The task
Look through the records and copy every line in which "assumes" appears.

——

lemma inj_on_add_small_C1_perturbation:
  fixes f f' :: "real \<Rightarrow> 'a::real_normed_vector"
  assumes der: "\<And>t. t \<in> {a..b} \<Longrightarrow> (f has_vector_derivative f' t) (at t within {a..b})"
    and cont: "continuous_on {a..b} f'"
    and nz: "\<And>t. t \<in> {a..b} \<Longrightarrow> f' t \<noteq> 0"
    and inj: "inj_on f {a..b}"
  obtains \<kappa> where "\<kappa> > 0"
    "\<And>p p'. (\<And>t. t \<in> {a..b} \<Longrightarrow> (p has_vector_derivative p' t) (at t within {a..b})) \<Longrightarrow>
       (\<And>t. t \<in> {a..b} \<Longrightarrow> norm (p' t) \<le> \<kappa>) \<Longrightarrow> (\<And>t. t \<in> {a..b} \<Longrightarrow> norm (p t) \<le> \<kappa>) \<Longrightarrow>
       inj_on (\<lambda>t. f t + p t) {a..b}"
proof -
  obtain m where "m > 0" and m: "\<And>t. t \<in> {a..b} \<Longrightarrow> m \<le> norm (f' t)"
    using continuous_nonzero_norm_bounded_below[OF cont nz] by blast
  obtain r where "r > 0"
    and r: "\<And>s t. s \<in> {a..b} \<Longrightarrow> t \<in> {a..b} \<Longrightarrow> dist s t < r \<Longrightarrow> dist (f' s) (f' t) < m/2"
    using compact_uniformly_continuous[OF cont compact_Icc] \<open>m > 0\<close>
    unfolding uniformly_continuous_on_def by (metis half_gt_zero)
  have "continuous_on {a..b} f"
    using der has_vector_derivative_continuous continuous_on_eq_continuous_within by blast
  then obtain \<mu> where "\<mu> > 0"
    and \<mu>: "\<And>s t. s \<in> {a..b} \<Longrightarrow> t \<in> {a..b} \<Longrightarrow> r \<le> \<bar>s - t\<bar> \<Longrightarrow> \<mu> \<le> dist (f s) (f t)"
    using injective_curve_separated[OF _ inj \<open>r > 0\<close>] by blast
  show ?thesis
  proof (rule that[of "min (m/4) (\<mu>/4)"])
    show "min (m/4) (\<mu>/4) > 0" using \<open>m > 0\<close> \<open>\<mu> > 0\<close> by simp
    fix p p' :: "real \<Rightarrow> 'a"
    assume pd: "\<And>t. t \<in> {a..b} \<Longrightarrow> (p has_vector_derivative p' t) (at t within {a..b})"
      and p'_small: "\<And>t. t \<in> {a..b} \<Longrightarrow> norm (p' t) \<le> min (m/4) (\<mu>/4)"
      and p_small: "\<And>t. t \<in> {a..b} \<Longrightarrow> norm (p t) \<le> min (m/4) (\<mu>/4)"
    have "f s + p s \<noteq> f t + p t" if "s \<in> {a..b}" "t \<in> {a..b}" "s < t" for s t
    proof (cases "t - s < r")
      case True
      have "norm ((f' u + p' u) - f' s) \<le> m/2 + m/4" if "u \<in> {s..t}" for u
      proof -
        have "dist (f' u) (f' s) < m/2"
          using r[of u s] that \<open>s \<in> {a..b}\<close> \<open>t \<in> {a..b}\<close> True by (auto simp: dist_real_def)
        moreover have "norm (p' u) \<le> m/4"
          using p'_small[of u] that \<open>s \<in> {a..b}\<close> \<open>t \<in> {a..b}\<close> by auto
        ultimately show ?thesis
          using norm_triangle_ineq[of "f' u - f' s" "p' u"] by (simp add: dist_norm algebra_simps)
      qed
      moreover have "m/2 + m/4 < norm (f' s)"
        using m[OF \<open>s \<in> {a..b}\<close>] \<open>m > 0\<close> by linarith
      moreover have "((\<lambda>u. f u + p u) has_vector_derivative f' u + p' u) (at u within {s..t})"
        if "u \<in> {s..t}" for u
        using that \<open>s \<in> {a..b}\<close> \<open>t \<in> {a..b}\<close>
        by (intro has_vector_derivative_within_subset[OF has_vector_derivative_add[OF der pd]]) auto
      ultimately show ?thesis
        using \<open>s < t\<close> by (intro endpoints_ne_if_derivative_near[where v = "f' s"])
    next
      case False
      have "\<mu> \<le> norm (f s - f t)" using \<mu> that False by (simp add: dist_norm)
      moreover have "norm (p t - p s) \<le> \<mu>/2"
        using norm_triangle_ineq4[of "p t" "p s"] p_small[OF \<open>s \<in> {a..b}\<close>] p_small[OF \<open>t \<in> {a..b}\<close>] by simp
      moreover have "f s - f t = p t - p s" if "f s + p s = f t + p t"
        using that by (simp add: algebra_simps)
      ultimately show ?thesis
        using \<open>\<mu> > 0\<close> by force
    qed
    then show "inj_on (\<lambda>t. f t + p t) {a..b}"
      by (metis (no_types, lifting) inj_onI linorder_neqE_linordered_idom)
  qed
qed

lemma bump_bounds:
  fixes L t :: real
  assumes "t \<in> {0..L}"
  shows "\<bar>t * (L - t)\<bar> \<le> L * L" and "\<bar>L - 2 * t\<bar> \<le> L"
proof -
  show "\<bar>t * (L - t)\<bar> \<le> L * L"
    using assms by (simp add: abs_mult mult_mono)
  show "\<bar>L - 2 * t\<bar> \<le> L"
    using assms by (simp add: abs_le_iff)
qed

lemma small_bump_keeps_regular_injective:
  fixes \<alpha> \<alpha>1 :: "real \<Rightarrow> 'a::real_normed_vector"
  assumes "L > 0"
    and der: "\<And>t. t \<in> {0..L} \<Longrightarrow> (\<alpha> has_vector_derivative \<alpha>1 t) (at t within {0..L})"
    and cont: "continuous_on {0..L} \<alpha>1"
    and nz: "\<And>t. t \<in> {0..L} \<Longrightarrow> \<alpha>1 t \<noteq> 0"
    and inj: "inj_on \<alpha> {0..L}"
  obtains \<epsilon> where "\<epsilon> > 0"
    "\<And>w. norm w < \<epsilon> \<Longrightarrow> inj_on (\<lambda>t. \<alpha> t + (t * (L - t)) *\<^sub>R w) {0..L}"
    "\<And>w t. norm w < \<epsilon> \<Longrightarrow> t \<in> {0..L} \<Longrightarrow> \<alpha>1 t + (L - 2 * t) *\<^sub>R w \<noteq> 0"
proof -
  obtain \<kappa> where "\<kappa> > 0" and \<kappa>:
    "\<And>p p'. (\<And>t. t \<in> {0..L} \<Longrightarrow> (p has_vector_derivative p' t) (at t within {0..L})) \<Longrightarrow>
       (\<And>t. t \<in> {0..L} \<Longrightarrow> norm (p' t) \<le> \<kappa>) \<Longrightarrow> (\<And>t. t \<in> {0..L} \<Longrightarrow> norm (p t) \<le> \<kappa>) \<Longrightarrow>
       inj_on (\<lambda>t. \<alpha> t + p t) {0..L}"
    using inj_on_add_small_C1_perturbation[OF der cont nz inj] by blast
  obtain m where "m > 0" and m: "\<And>t. t \<in> {0..L} \<Longrightarrow> m \<le> norm (\<alpha>1 t)"
    using continuous_nonzero_norm_bounded_below[OF cont nz] by blast
  define \<epsilon> where "\<epsilon> = min \<kappa> m / (L * L + L + 1)"
  have "\<epsilon> > 0"
    using \<open>\<kappa> > 0\<close> \<open>m > 0\<close> \<open>L > 0\<close> by (simp add: \<epsilon>_def add_pos_pos)
  show ?thesis
  proof (rule that[OF \<open>\<epsilon> > 0\<close>])
    fix w :: 'a assume "norm w < \<epsilon>"
    have "(L * L + L) * norm w \<le> (L * L + L + 1) * norm w"
      by (simp add: mult_right_mono)
    also have "\<dots> < min \<kappa> m"
      using \<open>norm w < \<epsilon>\<close> \<open>L > 0\<close> by (simp add: \<epsilon>_def pos_less_divide_eq add_pos_pos mult.commute)
    finally have w_small: "(L * L + L) * norm w < min \<kappa> m" .
    have "norm ((t * (L - t)) *\<^sub>R w) \<le> (L * L + L) * norm w"
      and "norm ((L - 2 * t) *\<^sub>R w) \<le> (L * L + L) * norm w" if "t \<in> {0..L}" for t
      using mult_right_mono[OF bump_bounds(1)[OF that] norm_ge_zero[of w]]
        mult_right_mono[OF bump_bounds(2)[OF that] norm_ge_zero[of w]] \<open>L > 0\<close>
      by (simp_all add: distrib_right add_increasing add_increasing2)
    then have bounds: "norm ((t * (L - t)) *\<^sub>R w) < min \<kappa> m" "norm ((L - 2 * t) *\<^sub>R w) < min \<kappa> m"
      if "t \<in> {0..L}" for t
      using w_small that by (meson order.strict_trans1)+
    show "inj_on (\<lambda>t. \<alpha> t + (t * (L - t)) *\<^sub>R w) {0..L}"
    proof (rule \<kappa>)
      fix t assume "t \<in> {0..L}"
      show "((\<lambda>t. (t * (L - t)) *\<^sub>R w) has_vector_derivative (L - 2 * t) *\<^sub>R w) (at t within {0..L})"
        by (auto intro!: derivative_eq_intros simp: algebra_simps)
      show "norm ((L - 2 * t) *\<^sub>R w) \<le> \<kappa>" "norm ((t * (L - t)) *\<^sub>R w) \<le> \<kappa>"
        using bounds[OF \<open>t \<in> {0..L}\<close>] by linarith+
    qed
    fix t assume "t \<in> {0..L}"
    then have "norm ((L - 2 * t) *\<^sub>R w) < norm (\<alpha>1 t)"
      using bounds m by fastforce
    then show "\<alpha>1 t + (L - 2 * t) *\<^sub>R w \<noteq> 0"
      by (metis add_eq_0_iff norm_minus_cancel order_less_irrefl)
  qed
qed

lemma exists_transversal_bump_parameter:
  fixes \<alpha> \<alpha>1 :: "real \<Rightarrow> 'a::euclidean_space" and H :: "('a \<times> real) set"
  assumes "L > 0"
    and der: "\<And>t. t \<in> {0..L} \<Longrightarrow> (\<alpha> has_vector_derivative \<alpha>1 t) (at t within {0..L})"
    and "finite H" and e_fst: "\<And>n. n \<in> fst ` H \<Longrightarrow> n \<bullet> e \<noteq> 0"
    and "\<delta> > 0"
  obtains a where "0 < a" "a < \<delta>"
    "\<And>n l t. (n, l) \<in> H \<Longrightarrow> t \<in> {0..L} \<Longrightarrow> n \<bullet> (\<alpha> t + (t * (L - t)) *\<^sub>R a *\<^sub>R e) + l = 0 \<Longrightarrow>
       n \<bullet> (\<alpha>1 t + (L - 2 * t) *\<^sub>R a *\<^sub>R e) \<noteq> 0"
proof -
  have e: "n \<bullet> e \<noteq> 0" if "(n, l) \<in> H" for n l
    using e_fst that by force
  define bad where "bad n l = {a. \<exists>t\<in>{0..L}. (n \<bullet> \<alpha> t + l) / (n \<bullet> e) + a * (t * (L - t)) = 0 \<and>
      (n \<bullet> \<alpha>1 t) / (n \<bullet> e) + a * (L - 2 * t) = 0}" for n l
  have "negligible (bad n l)" if "(n, l) \<in> H" for n l
    unfolding bad_def
  proof (rule negligible_tangency_parameters[OF \<open>L > 0\<close>])
    fix t assume "t \<in> {0..L}"
    from bounded_linear.has_vector_derivative[OF bounded_linear_inner_right der[OF this]]
    show "((\<lambda>t. (n \<bullet> \<alpha> t + l) / (n \<bullet> e)) has_real_derivative (n \<bullet> \<alpha>1 t) / (n \<bullet> e)) (at t within {0..L})"
      using e[OF that]
      by (auto intro!: derivative_eq_intros simp: has_real_derivative_iff_has_vector_derivative[symmetric])
  qed
  then have "negligible (\<Union>(n, l)\<in>H. bad n l)"
    using \<open>finite H\<close> by (intro negligible_Union) auto
  moreover have "\<not> negligible {0<..<\<delta>}"
    using negligible_interval(2)[of 0 \<delta>] \<open>\<delta> > 0\<close> by (simp add: box_real)
  ultimately obtain a where a: "a \<in> {0<..<\<delta>}" "a \<notin> (\<Union>(n, l)\<in>H. bad n l)"
    using negligible_subset by blast
  show ?thesis
  proof (rule that)
    show "0 < a" "a < \<delta>"
      using a(1) by simp_all
    fix n l t assume "(n, l) \<in> H" "t \<in> {0..L}"
      and "n \<bullet> (\<alpha> t + (t * (L - t)) *\<^sub>R a *\<^sub>R e) + l = 0"
    then have "(n \<bullet> \<alpha> t + l) / (n \<bullet> e) + a * (t * (L - t)) = 0"
      using e by (simp add: inner_add_right inner_diff_right field_simps)
    moreover have "a \<notin> bad n l"
      using a(2) \<open>(n, l) \<in> H\<close> by blast
    ultimately have "(n \<bullet> \<alpha>1 t) / (n \<bullet> e) + a * (L - 2 * t) \<noteq> 0"
      using \<open>t \<in> {0..L}\<close> by (auto simp: bad_def)
    then show "n \<bullet> (\<alpha>1 t + (L - 2 * t) *\<^sub>R a *\<^sub>R e) \<noteq> 0"
      using e[OF \<open>(n, l) \<in> H\<close>] by (simp add: inner_add_right inner_diff_right field_simps)
  qed
qed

——

Expected answer
  assumes der: "\<And>t. t \<in> {a..b} \<Longrightarrow> (f has_vector_derivative f' t) (at t within {a..b})"
  assumes "t \<in> {0..L}"
  assumes "L > 0"
  assumes "L > 0"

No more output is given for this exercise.